Supplied material ::
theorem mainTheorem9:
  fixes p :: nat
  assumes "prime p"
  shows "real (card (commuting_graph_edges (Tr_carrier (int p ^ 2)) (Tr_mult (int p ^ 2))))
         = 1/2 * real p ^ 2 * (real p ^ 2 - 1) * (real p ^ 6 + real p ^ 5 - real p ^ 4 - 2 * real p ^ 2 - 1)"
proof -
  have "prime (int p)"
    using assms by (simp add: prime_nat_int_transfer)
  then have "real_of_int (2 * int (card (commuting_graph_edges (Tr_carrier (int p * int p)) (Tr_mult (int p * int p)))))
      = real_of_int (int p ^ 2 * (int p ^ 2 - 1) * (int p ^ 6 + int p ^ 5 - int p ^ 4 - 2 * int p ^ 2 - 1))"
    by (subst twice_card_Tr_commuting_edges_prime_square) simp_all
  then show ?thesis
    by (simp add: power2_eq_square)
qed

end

--

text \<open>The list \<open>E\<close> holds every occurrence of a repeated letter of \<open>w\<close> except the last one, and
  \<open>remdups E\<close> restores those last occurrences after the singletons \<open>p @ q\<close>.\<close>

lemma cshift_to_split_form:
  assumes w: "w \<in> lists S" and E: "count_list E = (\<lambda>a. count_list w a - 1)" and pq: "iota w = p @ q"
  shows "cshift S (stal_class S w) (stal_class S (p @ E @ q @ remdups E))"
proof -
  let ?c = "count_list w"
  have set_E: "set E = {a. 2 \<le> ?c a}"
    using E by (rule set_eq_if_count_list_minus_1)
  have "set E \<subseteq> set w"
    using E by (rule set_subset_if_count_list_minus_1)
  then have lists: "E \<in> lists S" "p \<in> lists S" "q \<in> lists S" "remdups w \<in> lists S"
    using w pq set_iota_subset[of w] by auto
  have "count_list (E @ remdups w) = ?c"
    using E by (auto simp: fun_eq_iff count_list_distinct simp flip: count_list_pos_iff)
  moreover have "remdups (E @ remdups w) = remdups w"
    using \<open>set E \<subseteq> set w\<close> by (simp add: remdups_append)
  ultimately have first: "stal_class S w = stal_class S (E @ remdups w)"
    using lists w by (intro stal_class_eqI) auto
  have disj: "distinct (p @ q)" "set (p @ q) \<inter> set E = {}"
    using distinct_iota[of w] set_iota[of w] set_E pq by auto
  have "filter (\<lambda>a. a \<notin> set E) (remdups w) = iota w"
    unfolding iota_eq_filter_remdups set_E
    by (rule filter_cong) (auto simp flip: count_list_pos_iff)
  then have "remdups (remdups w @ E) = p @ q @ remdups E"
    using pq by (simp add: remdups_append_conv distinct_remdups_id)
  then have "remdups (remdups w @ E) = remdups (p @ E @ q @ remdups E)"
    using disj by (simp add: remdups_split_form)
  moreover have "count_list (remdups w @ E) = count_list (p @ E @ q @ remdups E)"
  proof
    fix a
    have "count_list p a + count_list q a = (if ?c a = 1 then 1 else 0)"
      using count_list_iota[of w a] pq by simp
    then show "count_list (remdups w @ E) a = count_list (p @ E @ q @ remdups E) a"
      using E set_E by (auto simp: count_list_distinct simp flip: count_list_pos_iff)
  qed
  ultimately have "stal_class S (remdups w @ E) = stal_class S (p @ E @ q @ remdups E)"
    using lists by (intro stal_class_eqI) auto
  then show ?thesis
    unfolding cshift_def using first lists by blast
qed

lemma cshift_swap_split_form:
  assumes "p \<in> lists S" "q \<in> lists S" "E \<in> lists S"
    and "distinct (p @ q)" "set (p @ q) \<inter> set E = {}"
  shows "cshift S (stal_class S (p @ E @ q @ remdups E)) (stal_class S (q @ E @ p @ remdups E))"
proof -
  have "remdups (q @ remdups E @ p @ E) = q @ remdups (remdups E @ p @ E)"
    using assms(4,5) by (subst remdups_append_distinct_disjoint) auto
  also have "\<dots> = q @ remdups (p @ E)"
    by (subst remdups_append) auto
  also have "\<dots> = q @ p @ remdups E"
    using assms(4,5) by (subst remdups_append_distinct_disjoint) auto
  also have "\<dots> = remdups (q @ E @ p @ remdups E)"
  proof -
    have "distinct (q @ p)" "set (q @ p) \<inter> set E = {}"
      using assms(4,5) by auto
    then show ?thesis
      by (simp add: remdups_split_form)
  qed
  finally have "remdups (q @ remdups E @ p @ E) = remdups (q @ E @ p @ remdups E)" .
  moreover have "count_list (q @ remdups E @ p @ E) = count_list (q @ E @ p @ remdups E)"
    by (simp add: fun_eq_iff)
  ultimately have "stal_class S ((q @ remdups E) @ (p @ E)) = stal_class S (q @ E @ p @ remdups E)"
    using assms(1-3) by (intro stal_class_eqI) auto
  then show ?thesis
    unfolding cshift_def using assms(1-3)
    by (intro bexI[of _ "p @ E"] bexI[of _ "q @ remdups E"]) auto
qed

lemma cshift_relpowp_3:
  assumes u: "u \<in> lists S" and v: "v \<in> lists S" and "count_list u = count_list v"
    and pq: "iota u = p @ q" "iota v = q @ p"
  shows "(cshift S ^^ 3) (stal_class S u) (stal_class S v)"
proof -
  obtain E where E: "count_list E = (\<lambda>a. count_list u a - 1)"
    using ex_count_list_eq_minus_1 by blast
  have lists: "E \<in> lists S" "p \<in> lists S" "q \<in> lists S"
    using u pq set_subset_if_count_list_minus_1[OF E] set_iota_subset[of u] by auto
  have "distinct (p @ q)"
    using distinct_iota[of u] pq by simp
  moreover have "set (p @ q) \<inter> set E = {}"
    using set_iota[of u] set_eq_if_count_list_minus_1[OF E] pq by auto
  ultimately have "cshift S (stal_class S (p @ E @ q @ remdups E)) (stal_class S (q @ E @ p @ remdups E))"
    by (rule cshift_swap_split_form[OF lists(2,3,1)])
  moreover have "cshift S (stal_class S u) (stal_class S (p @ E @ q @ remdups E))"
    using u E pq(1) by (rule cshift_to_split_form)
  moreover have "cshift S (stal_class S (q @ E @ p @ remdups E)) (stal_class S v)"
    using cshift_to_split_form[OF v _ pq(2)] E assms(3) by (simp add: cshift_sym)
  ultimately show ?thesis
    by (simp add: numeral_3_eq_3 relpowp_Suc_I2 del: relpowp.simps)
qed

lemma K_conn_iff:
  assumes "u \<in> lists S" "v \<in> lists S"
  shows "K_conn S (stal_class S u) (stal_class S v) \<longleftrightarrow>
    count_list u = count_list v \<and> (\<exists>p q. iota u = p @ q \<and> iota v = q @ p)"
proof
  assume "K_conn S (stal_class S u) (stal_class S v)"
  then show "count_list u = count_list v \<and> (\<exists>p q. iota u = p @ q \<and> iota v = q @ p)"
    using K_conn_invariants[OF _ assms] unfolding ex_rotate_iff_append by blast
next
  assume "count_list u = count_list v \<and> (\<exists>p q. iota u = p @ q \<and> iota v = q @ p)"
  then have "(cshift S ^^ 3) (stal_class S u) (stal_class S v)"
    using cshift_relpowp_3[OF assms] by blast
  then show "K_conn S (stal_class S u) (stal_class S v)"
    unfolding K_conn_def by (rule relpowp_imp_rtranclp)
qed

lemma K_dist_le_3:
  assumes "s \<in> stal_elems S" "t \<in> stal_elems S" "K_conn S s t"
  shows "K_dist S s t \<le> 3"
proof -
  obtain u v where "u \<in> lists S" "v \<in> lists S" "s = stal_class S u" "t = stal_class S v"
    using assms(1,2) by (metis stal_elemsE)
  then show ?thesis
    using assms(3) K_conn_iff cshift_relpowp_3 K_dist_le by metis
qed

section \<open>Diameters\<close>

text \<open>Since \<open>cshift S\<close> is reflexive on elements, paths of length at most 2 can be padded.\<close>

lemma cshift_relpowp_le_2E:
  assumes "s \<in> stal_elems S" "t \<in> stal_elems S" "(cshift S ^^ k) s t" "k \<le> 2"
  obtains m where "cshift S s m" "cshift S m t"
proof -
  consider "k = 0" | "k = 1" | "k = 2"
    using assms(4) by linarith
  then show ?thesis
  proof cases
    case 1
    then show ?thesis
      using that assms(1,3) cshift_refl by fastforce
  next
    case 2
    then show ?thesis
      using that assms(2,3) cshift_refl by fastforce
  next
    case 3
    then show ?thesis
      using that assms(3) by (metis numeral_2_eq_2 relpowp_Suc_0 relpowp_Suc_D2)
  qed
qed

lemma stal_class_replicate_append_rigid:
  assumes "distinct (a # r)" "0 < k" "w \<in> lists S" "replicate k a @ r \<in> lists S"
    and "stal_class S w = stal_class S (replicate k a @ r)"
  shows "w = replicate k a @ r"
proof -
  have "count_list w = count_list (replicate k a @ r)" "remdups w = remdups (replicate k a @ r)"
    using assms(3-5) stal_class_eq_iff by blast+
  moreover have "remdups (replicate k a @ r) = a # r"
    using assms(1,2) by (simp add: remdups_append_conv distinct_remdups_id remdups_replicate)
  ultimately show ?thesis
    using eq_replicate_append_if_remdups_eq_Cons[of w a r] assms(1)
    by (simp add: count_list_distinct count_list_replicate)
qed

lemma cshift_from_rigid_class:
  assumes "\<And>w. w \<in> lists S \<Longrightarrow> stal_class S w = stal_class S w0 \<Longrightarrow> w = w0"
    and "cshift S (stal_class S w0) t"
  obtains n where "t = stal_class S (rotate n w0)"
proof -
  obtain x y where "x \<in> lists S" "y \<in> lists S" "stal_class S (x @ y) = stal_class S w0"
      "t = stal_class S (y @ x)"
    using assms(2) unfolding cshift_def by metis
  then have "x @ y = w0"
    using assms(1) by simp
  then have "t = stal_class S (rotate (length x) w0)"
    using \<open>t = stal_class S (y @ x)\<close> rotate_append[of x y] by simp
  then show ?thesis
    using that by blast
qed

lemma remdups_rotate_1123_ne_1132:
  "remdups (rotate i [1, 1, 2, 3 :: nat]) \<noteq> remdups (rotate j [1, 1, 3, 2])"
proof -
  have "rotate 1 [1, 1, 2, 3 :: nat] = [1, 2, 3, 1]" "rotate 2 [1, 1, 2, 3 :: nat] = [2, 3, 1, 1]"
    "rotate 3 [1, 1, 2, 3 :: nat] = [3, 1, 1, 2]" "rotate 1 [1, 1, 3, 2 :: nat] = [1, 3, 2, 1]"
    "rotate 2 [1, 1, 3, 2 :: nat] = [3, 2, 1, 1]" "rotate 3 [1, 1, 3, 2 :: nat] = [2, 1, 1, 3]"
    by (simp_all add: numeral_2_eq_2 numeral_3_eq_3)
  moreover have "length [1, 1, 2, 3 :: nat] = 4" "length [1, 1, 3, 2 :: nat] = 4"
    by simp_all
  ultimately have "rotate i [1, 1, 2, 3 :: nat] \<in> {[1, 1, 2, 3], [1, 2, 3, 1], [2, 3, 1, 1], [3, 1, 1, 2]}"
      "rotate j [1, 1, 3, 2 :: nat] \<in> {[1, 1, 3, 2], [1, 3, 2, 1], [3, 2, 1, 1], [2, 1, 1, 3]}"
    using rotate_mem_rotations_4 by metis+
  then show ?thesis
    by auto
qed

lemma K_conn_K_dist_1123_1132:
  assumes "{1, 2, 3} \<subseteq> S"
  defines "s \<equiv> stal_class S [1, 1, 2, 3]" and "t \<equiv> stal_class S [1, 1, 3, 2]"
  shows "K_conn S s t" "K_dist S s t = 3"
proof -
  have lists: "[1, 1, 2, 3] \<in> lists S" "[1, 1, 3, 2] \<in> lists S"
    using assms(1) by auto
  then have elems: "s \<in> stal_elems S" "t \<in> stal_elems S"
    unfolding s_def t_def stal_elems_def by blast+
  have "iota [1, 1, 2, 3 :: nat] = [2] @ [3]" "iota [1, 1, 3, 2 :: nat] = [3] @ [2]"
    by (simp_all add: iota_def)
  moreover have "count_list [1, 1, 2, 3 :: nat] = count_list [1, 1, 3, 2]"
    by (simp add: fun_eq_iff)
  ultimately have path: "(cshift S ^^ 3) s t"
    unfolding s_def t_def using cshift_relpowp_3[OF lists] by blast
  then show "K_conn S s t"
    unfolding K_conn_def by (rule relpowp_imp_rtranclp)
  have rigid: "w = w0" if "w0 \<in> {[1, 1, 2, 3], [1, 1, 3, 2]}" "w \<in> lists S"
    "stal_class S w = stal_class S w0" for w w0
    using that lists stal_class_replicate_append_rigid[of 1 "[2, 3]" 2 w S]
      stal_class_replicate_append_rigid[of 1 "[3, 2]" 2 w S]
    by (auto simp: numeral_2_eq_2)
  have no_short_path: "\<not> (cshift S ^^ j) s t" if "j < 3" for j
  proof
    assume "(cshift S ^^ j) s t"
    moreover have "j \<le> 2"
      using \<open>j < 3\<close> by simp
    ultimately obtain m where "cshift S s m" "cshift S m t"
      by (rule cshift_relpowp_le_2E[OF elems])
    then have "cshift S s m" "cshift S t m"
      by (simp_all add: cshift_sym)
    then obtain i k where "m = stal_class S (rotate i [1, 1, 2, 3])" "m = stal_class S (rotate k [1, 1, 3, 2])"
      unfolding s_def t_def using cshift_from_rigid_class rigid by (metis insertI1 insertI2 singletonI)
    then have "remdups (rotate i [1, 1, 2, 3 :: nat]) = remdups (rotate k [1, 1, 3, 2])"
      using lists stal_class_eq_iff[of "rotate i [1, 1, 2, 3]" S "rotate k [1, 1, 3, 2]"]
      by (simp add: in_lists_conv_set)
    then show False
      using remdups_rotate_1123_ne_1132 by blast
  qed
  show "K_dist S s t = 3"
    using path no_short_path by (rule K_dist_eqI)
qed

Problem requirements ::
Lines that contain the word "open": how many are there in the data? Give the number and nothing else.

Written solution ::
7